(Saved entries)
text \<open>Prepending a letter to t^a h t^-b: a base letter f moves right past t^a as \<theta>^a f, and
  t^-1 either cancels against t or, if a = 0, passes h as \<theta> h.\<close>
theorem hnn_normal_form_exists:
  assumes "w \<in> hnn_words H"
  obtains a h b where "h \<in> carrier H" "hnn_eq H \<theta> w (hnn_normal_form a h b)"
proof -
  have "\<exists>a h b. h \<in> carrier H \<and> hnn_eq H \<theta> w (hnn_normal_form a h b)"
    using assms
  proof (induction w)
    case Nil
    have "hnn_eq H \<theta> [] (hnn_normal_form 0 \<one> 0)"
      using hnn_eq.sym[OF hnn_eq_base_one] by (simp add: hnn_normal_form_def)
    then show ?case by blast
  next
    case (Cons x w)
    then obtain a h b where h: "h \<in> carrier H" "hnn_eq H \<theta> w (hnn_normal_form a h b)"
      by (auto simp: hnn_words_def)
    have "\<exists>a' h' b'. h' \<in> carrier H \<and> hnn_eq H \<theta> (x # hnn_normal_form a h b) (hnn_normal_form a' h' b')"
    proof (cases x rule: hnn_letter_cases)
      case stable
      then have "x # hnn_normal_form a h b = hnn_normal_form (Suc a) h b"
        by (simp add: hnn_normal_form_def)
      then have "hnn_eq H \<theta> (x # hnn_normal_form a h b) (hnn_normal_form (Suc a) h b)"
        by (simp add: hnn_eq.refl)
      then show ?thesis using h(1) by blast
    next
      case stable_inv
      show ?thesis
      proof (cases a)
        case 0
        then have "hnn_eq H \<theta> (x # hnn_normal_form a h b) (hnn_normal_form 0 (\<theta> h) (Suc b))"
          using hnn_eq_infix[OF hnn_eq_stable_inv_base[OF h(1)], of _ "[]" "replicate b stable_letter_inv"]
          by (simp add: hnn_normal_form_def stable_inv)
        then show ?thesis using theta_closed[OF h(1)] by blast
      next
        case (Suc a')
        then have "hnn_eq H \<theta> (x # hnn_normal_form a h b) (hnn_normal_form a' h b)"
          using hnn_eq_infix[OF hnn_eq.cancel[of H \<theta> None True], of _ "[]" "hnn_normal_form a' h b"]
          by (simp add: hnn_normal_form_def stable_inv)
        then show ?thesis using h(1) by blast
      qed
    next
      case (base f)
      then have f: "f \<in> carrier H" using Cons.prems by (auto simp: hnn_words_def)
      then show ?thesis using hnn_eq_base_normal_form[OF f h(1)] base h(1)
        by (blast intro: funpow_theta_closed)
    next
      case (base_inv f)
      then have f: "f \<in> carrier H" using Cons.prems by (auto simp: hnn_words_def)
      have "hnn_eq H \<theta> (x # hnn_normal_form a h b) (base_letter (inv f) # hnn_normal_form a h b)"
        using hnn_eq_infix[OF hnn_eq_base_inv[OF f], of _ "[]" "hnn_normal_form a h b"] base_inv by simp
      also have "hnn_eq H \<theta> \<dots> (hnn_normal_form a ((\<theta> ^^ a) (inv f) \<otimes> h) b)"
        using hnn_eq_base_normal_form[OF inv_closed[OF f] h(1)] .
      finally have "hnn_eq H \<theta> (x # hnn_normal_form a h b) (hnn_normal_form a ((\<theta> ^^ a) (inv f) \<otimes> h) b)" .
      moreover have "(\<theta> ^^ a) (inv f) \<otimes> h \<in> carrier H"
        using f h(1) by (simp add: funpow_theta_closed)
      ultimately show ?thesis by blast
    qed
    then obtain a' h' b' where "h' \<in> carrier H"
      and eq: "hnn_eq H \<theta> (x # hnn_normal_form a h b) (hnn_normal_form a' h' b')" by blast
    have "hnn_eq H \<theta> (x # w) (x # hnn_normal_form a h b)"
      using hnn_eq_infix[OF h(2), of _ "[x]" "[]"] by simp
    then show ?case using hnn_eq.trans[OF _ eq] \<open>h' \<in> carrier H\<close> by blast
  qed
  then show ?thesis using that by blast
qed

*Requirement*. Your answer should be the exact lines above from the one with "using hnn_eq_infix[OF hnn_eq_base_inv[OF" through the one with "f) \<otimes> h \<in>", both included, and nothing besides.

*Exercise response*.
        using hnn_eq_infix[OF hnn_eq_base_inv[OF f], of _ "[]" "hnn_normal_form a h b"] base_inv by simp
      also have "hnn_eq H \<theta> \<dots> (hnn_normal_form a ((\<theta> ^^ a) (inv f) \<otimes> h) b)"
        using hnn_eq_base_normal_form[OF inv_closed[OF f] h(1)] .
      finally have "hnn_eq H \<theta> (x # hnn_normal_form a h b) (hnn_normal_form a ((\<theta> ^^ a) (inv f) \<otimes> h) b)" .
      moreover have "(\<theta> ^^ a) (inv f) \<otimes> h \<in> carrier H"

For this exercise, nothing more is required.